Exercise prompt:
Look through the records below and collect all lines that hold the string "between".

[Saved data entries]
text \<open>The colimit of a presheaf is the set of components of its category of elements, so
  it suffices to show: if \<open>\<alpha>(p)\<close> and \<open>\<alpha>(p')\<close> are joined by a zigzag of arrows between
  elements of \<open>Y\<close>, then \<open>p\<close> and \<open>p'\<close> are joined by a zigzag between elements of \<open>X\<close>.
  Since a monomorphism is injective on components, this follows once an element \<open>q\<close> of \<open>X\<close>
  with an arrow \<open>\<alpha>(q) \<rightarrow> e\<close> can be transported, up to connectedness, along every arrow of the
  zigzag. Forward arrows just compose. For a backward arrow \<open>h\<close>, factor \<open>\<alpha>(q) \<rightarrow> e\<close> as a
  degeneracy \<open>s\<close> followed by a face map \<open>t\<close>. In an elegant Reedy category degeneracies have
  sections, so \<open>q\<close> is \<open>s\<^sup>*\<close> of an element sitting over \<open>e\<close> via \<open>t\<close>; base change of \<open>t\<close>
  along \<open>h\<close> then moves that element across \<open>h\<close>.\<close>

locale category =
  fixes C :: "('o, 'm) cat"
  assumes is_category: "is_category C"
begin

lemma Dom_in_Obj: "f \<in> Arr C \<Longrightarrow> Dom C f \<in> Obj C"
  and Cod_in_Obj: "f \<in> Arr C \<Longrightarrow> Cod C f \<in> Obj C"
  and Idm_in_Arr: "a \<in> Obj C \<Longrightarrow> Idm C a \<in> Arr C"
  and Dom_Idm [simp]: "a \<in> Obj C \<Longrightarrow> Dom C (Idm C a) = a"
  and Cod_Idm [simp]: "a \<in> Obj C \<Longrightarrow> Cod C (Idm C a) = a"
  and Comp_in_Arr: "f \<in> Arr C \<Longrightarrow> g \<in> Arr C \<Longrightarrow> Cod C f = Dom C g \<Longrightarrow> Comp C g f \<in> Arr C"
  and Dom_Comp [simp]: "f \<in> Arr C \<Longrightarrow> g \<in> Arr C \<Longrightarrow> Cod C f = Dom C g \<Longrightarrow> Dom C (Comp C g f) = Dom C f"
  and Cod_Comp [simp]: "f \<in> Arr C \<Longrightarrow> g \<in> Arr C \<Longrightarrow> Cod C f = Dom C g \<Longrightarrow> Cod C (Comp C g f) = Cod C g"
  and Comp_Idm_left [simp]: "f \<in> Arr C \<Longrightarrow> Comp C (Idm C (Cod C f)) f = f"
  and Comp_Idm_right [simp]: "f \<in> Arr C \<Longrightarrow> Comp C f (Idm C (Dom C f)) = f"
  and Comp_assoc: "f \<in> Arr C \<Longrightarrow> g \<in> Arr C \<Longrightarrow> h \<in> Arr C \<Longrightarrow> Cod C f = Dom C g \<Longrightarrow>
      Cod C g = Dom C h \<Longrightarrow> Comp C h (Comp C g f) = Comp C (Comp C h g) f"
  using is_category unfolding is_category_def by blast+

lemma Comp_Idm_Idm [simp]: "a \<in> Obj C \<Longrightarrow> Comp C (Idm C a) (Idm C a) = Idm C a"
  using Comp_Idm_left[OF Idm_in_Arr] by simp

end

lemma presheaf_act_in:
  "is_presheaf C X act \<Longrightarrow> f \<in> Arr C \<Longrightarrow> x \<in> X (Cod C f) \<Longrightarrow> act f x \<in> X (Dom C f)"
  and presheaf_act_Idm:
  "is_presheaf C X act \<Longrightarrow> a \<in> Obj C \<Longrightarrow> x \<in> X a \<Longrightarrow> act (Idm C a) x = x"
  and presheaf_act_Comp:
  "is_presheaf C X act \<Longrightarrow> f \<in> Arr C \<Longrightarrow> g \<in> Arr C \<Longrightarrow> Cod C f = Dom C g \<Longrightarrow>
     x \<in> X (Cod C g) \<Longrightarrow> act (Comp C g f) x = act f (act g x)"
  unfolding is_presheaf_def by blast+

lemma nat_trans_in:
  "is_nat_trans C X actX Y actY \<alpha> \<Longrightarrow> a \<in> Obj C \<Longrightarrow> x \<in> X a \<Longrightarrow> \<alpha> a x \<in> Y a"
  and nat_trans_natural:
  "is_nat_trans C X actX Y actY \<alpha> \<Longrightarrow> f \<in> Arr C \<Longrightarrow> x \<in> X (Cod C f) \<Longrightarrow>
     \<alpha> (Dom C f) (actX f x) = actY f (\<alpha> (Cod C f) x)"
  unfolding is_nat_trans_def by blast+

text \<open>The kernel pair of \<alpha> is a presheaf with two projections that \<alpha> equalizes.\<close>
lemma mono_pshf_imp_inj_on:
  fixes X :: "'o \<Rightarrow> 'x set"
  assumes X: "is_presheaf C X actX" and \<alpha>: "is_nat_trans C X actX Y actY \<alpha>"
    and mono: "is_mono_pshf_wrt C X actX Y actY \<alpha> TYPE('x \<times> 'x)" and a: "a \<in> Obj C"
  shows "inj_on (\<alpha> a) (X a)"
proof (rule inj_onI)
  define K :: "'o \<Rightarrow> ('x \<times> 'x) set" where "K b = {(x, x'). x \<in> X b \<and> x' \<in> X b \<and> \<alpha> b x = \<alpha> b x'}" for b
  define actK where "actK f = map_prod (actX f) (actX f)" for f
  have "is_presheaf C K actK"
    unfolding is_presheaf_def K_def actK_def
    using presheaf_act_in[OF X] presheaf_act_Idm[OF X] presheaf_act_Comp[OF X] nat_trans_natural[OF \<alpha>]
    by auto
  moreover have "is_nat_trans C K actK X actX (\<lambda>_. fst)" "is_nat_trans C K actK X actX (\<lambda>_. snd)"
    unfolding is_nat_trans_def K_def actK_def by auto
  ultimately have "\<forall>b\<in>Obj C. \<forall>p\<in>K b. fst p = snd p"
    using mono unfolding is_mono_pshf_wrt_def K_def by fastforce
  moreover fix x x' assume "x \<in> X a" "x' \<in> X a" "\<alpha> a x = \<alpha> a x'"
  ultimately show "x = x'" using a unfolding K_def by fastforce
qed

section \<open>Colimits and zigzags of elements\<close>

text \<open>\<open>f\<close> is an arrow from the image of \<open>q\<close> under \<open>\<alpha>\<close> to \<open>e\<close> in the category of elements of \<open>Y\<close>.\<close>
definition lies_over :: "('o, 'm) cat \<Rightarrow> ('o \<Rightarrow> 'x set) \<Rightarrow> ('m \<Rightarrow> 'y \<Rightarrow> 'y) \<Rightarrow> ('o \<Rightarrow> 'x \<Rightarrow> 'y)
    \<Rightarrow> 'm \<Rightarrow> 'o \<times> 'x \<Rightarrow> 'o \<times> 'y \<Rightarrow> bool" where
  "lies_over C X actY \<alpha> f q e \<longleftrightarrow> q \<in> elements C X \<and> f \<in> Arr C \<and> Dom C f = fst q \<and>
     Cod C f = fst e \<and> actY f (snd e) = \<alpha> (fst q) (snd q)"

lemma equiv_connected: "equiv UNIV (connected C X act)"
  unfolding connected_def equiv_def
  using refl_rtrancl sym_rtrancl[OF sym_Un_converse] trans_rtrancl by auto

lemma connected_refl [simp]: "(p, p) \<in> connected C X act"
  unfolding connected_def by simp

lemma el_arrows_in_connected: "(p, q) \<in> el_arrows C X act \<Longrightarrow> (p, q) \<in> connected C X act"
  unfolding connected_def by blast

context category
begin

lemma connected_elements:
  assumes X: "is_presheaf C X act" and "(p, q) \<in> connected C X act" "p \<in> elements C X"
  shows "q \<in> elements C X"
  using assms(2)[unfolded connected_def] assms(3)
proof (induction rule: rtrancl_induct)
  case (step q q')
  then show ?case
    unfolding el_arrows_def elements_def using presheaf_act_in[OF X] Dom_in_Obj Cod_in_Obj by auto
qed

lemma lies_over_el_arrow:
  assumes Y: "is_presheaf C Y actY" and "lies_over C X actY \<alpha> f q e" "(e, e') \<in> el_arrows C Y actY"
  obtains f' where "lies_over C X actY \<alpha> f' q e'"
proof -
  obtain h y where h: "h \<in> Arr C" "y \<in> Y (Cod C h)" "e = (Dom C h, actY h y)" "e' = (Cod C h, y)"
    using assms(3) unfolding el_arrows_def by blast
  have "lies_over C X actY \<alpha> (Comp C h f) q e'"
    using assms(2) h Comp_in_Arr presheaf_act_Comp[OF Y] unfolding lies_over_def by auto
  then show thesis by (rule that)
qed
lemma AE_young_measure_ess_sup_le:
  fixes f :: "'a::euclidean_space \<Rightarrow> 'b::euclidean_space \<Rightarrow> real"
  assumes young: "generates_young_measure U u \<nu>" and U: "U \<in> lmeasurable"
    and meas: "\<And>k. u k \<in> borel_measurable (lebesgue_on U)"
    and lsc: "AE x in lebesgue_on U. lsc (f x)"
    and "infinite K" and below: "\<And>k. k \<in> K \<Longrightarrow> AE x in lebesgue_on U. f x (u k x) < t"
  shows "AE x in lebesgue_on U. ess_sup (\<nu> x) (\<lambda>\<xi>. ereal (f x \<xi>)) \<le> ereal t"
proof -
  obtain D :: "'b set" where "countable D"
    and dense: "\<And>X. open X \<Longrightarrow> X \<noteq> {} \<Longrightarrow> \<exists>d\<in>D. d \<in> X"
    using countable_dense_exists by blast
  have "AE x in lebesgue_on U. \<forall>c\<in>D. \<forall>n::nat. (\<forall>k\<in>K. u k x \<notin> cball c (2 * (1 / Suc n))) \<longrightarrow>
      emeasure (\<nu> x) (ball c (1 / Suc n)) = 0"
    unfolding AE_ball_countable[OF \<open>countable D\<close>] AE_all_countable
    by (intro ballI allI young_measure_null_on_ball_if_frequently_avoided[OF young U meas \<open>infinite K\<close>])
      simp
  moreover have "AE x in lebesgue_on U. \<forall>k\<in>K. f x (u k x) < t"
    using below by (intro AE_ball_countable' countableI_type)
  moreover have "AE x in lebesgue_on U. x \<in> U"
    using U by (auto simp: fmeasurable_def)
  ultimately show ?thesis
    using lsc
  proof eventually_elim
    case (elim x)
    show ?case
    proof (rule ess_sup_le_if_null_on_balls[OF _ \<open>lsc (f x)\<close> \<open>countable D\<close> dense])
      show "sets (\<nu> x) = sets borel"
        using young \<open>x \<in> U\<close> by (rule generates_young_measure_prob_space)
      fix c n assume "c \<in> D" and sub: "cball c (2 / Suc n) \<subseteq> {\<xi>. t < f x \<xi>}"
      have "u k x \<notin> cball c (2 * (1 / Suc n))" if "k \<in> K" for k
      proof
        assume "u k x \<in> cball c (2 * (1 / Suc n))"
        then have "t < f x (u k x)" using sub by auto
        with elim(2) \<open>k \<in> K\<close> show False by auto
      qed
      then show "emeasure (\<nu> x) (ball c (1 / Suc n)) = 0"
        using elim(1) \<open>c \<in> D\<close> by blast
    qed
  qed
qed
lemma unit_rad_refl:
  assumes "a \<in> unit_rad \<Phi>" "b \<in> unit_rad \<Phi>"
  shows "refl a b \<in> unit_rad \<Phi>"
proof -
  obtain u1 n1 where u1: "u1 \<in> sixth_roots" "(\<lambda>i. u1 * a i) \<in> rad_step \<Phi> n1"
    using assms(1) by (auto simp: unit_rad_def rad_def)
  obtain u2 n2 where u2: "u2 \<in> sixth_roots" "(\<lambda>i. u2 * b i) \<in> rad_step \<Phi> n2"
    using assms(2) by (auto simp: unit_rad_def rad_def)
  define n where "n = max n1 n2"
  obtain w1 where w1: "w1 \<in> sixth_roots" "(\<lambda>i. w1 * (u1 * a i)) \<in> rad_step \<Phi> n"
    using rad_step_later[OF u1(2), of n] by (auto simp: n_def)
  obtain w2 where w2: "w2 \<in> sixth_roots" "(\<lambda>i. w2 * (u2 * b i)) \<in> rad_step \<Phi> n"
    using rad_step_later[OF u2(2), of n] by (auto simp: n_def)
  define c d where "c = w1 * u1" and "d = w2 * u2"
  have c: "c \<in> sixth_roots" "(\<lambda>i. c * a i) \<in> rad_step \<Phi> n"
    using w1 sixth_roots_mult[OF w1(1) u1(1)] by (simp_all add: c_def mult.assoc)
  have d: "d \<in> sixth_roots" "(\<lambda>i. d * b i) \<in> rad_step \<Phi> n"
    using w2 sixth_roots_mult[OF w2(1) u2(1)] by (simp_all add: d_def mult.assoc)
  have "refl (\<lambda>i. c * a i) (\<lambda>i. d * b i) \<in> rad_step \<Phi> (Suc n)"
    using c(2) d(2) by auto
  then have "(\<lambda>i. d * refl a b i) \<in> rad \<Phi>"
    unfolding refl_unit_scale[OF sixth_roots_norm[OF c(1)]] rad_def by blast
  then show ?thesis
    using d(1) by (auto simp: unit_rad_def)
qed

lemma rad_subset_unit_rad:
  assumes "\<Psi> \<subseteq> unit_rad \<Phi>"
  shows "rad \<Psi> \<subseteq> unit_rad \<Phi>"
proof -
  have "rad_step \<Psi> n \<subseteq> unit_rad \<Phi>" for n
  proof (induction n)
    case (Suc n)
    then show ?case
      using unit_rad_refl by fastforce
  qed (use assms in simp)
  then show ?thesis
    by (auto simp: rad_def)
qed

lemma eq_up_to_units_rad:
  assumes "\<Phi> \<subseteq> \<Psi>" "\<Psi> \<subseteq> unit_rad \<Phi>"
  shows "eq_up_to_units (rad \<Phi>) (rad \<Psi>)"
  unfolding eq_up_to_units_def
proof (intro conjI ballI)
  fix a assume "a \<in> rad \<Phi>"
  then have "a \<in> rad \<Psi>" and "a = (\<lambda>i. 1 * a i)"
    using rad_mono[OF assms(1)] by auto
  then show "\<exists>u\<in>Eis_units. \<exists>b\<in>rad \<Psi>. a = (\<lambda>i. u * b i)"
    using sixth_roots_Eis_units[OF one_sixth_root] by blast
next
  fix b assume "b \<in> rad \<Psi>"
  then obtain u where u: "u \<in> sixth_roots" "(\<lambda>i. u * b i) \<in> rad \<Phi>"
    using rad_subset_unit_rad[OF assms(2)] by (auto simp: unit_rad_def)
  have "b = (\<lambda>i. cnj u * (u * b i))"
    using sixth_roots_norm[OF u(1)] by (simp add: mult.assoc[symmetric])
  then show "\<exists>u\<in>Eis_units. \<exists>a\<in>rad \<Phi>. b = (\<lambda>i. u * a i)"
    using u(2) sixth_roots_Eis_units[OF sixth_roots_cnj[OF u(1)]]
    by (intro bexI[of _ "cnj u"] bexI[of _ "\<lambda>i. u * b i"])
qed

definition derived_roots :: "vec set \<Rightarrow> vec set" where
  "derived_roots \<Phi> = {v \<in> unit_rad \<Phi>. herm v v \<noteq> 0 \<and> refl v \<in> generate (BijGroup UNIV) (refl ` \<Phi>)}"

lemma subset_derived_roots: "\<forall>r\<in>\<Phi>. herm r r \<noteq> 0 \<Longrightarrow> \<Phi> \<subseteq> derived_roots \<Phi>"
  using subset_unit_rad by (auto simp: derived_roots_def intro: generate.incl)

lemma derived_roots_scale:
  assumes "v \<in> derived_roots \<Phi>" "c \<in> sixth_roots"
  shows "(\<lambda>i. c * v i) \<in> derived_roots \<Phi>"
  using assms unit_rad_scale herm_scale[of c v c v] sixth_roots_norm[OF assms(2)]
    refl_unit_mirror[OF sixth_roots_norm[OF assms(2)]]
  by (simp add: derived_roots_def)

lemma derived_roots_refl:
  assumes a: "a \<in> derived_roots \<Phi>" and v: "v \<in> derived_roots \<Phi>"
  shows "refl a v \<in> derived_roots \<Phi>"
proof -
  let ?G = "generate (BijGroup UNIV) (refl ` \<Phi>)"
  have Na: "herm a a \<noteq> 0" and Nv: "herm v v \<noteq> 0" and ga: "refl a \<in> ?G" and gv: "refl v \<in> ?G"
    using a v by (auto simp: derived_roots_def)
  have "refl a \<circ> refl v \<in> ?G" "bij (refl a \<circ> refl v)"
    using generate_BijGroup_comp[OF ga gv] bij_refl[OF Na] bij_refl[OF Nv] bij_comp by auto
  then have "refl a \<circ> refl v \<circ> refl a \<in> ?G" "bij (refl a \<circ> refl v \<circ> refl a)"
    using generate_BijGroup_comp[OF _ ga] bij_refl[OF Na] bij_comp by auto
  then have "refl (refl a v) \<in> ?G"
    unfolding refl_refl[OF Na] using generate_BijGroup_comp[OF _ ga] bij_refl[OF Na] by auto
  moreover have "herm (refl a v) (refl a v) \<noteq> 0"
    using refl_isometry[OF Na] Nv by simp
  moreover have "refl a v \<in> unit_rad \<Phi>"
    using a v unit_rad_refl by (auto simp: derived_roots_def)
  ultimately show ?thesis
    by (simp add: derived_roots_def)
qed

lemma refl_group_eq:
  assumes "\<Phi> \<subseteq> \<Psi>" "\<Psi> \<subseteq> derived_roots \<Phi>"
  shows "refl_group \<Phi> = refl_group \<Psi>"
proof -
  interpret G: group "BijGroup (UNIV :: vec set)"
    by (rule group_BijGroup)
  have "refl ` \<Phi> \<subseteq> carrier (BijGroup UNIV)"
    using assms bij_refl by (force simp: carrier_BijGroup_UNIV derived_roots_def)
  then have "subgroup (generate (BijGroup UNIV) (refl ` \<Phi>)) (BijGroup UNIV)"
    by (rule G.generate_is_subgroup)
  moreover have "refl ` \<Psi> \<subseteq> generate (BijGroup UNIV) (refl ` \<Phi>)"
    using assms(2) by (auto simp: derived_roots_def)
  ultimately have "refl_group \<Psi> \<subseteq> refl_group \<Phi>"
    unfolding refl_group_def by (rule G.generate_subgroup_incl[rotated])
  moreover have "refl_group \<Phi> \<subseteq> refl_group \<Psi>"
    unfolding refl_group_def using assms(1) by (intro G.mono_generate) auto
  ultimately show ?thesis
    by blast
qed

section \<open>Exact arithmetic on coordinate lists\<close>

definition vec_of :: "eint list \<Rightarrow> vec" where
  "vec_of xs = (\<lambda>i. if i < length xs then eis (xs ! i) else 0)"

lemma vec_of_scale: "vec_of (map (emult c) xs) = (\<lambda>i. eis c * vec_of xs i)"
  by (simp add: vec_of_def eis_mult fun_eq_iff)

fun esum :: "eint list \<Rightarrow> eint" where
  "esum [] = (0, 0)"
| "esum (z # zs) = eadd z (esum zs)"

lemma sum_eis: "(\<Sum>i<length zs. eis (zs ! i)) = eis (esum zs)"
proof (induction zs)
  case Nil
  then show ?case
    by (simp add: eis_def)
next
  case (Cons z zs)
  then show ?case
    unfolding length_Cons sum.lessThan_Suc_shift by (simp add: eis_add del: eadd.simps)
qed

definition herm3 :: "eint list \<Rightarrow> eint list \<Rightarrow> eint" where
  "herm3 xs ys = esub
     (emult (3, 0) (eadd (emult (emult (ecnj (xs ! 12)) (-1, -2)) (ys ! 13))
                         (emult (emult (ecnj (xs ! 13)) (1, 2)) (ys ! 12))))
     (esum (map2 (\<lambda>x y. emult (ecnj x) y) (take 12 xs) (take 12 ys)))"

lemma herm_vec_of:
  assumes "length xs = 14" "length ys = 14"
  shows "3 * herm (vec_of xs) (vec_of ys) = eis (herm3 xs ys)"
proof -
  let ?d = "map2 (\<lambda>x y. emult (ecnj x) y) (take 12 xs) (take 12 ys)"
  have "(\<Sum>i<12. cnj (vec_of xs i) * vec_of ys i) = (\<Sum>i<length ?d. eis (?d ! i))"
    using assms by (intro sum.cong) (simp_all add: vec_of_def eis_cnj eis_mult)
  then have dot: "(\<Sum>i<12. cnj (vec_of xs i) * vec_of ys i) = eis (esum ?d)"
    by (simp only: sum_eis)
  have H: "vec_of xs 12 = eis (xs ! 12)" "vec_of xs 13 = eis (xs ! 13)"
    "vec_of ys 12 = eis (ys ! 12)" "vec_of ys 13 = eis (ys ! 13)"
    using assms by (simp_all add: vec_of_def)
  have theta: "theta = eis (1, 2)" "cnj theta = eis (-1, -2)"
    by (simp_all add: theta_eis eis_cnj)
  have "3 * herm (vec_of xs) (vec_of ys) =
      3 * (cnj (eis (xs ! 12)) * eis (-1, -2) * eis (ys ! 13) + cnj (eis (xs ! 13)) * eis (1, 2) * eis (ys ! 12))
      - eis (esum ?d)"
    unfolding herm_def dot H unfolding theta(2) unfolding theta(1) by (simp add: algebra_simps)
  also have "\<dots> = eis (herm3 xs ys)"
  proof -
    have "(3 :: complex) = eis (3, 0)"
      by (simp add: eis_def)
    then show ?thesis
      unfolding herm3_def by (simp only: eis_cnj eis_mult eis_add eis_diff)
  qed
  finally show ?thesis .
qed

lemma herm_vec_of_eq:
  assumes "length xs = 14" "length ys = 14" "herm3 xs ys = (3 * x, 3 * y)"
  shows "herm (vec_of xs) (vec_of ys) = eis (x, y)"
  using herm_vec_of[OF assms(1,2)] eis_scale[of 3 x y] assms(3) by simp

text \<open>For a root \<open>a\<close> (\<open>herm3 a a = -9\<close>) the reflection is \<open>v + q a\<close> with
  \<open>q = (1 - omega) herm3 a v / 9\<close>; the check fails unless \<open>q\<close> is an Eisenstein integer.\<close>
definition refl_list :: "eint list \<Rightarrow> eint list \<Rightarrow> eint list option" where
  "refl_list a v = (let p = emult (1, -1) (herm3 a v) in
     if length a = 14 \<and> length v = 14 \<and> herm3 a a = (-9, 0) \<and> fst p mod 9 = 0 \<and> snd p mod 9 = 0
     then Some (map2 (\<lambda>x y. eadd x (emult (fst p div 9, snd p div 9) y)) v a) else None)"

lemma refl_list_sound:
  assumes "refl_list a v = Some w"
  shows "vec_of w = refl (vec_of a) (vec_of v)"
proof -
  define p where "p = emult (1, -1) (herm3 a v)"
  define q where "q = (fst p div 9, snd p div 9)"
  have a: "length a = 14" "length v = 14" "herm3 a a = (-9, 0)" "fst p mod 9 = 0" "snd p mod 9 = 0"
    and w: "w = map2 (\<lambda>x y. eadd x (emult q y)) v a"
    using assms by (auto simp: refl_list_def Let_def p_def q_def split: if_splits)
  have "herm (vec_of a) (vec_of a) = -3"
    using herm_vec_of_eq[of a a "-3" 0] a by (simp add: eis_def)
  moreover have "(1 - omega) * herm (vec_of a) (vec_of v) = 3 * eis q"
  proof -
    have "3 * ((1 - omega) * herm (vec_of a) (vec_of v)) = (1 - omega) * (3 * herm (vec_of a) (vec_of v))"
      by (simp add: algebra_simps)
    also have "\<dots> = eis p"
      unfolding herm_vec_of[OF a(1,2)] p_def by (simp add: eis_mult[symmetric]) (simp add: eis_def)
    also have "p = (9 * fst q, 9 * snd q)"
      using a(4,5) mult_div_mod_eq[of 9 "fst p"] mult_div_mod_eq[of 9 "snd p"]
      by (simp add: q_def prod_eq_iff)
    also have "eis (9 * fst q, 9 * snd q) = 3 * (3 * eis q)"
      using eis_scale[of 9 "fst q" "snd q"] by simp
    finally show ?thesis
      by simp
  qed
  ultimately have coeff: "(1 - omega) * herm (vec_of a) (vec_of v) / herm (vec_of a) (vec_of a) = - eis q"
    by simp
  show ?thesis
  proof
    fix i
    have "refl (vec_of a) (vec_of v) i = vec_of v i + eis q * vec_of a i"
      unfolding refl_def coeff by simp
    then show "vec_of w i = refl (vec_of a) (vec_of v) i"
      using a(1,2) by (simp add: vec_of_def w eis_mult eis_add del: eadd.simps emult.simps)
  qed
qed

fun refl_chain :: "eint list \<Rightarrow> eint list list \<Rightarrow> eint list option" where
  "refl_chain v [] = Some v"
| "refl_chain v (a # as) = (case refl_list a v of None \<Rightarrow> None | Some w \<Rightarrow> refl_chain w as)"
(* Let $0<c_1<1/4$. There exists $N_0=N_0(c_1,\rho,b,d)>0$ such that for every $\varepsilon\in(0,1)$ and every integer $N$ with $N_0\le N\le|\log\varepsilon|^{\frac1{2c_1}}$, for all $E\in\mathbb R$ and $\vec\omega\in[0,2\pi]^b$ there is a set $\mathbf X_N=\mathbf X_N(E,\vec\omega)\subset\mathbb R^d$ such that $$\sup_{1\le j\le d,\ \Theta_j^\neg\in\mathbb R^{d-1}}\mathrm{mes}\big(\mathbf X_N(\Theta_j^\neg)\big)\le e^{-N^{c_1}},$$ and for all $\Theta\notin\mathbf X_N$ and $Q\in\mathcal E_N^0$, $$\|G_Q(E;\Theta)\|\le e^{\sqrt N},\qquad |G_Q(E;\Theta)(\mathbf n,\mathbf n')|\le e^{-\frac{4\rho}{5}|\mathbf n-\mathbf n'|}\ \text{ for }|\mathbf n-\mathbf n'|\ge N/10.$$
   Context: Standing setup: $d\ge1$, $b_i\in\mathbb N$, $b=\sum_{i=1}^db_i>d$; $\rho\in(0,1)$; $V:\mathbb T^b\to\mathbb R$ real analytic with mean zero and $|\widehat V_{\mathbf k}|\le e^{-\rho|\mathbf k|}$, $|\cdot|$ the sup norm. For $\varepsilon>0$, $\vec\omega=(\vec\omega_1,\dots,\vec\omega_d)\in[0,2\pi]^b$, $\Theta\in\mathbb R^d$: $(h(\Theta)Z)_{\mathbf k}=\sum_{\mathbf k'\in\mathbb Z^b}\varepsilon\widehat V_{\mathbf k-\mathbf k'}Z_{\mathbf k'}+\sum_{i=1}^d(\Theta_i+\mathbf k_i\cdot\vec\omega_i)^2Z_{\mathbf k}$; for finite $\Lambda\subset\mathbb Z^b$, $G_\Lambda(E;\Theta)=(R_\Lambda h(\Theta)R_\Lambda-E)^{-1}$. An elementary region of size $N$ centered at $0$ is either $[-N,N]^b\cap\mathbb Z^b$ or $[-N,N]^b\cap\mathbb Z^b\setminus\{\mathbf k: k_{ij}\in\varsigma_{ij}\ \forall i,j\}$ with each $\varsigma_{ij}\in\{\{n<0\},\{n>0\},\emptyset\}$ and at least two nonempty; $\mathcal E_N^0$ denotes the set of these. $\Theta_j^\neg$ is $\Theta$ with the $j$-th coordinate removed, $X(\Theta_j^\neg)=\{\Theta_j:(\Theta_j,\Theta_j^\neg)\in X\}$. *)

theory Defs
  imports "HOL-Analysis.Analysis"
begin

Response area:
  it suffices to show: if \<open>\<alpha>(p)\<close> and \<open>\<alpha>(p')\<close> are joined by a zigzag of arrows between
  elements of \<open>Y\<close>, then \<open>p\<close> and \<open>p'\<close> are joined by a zigzag between elements of \<open>X\<close>.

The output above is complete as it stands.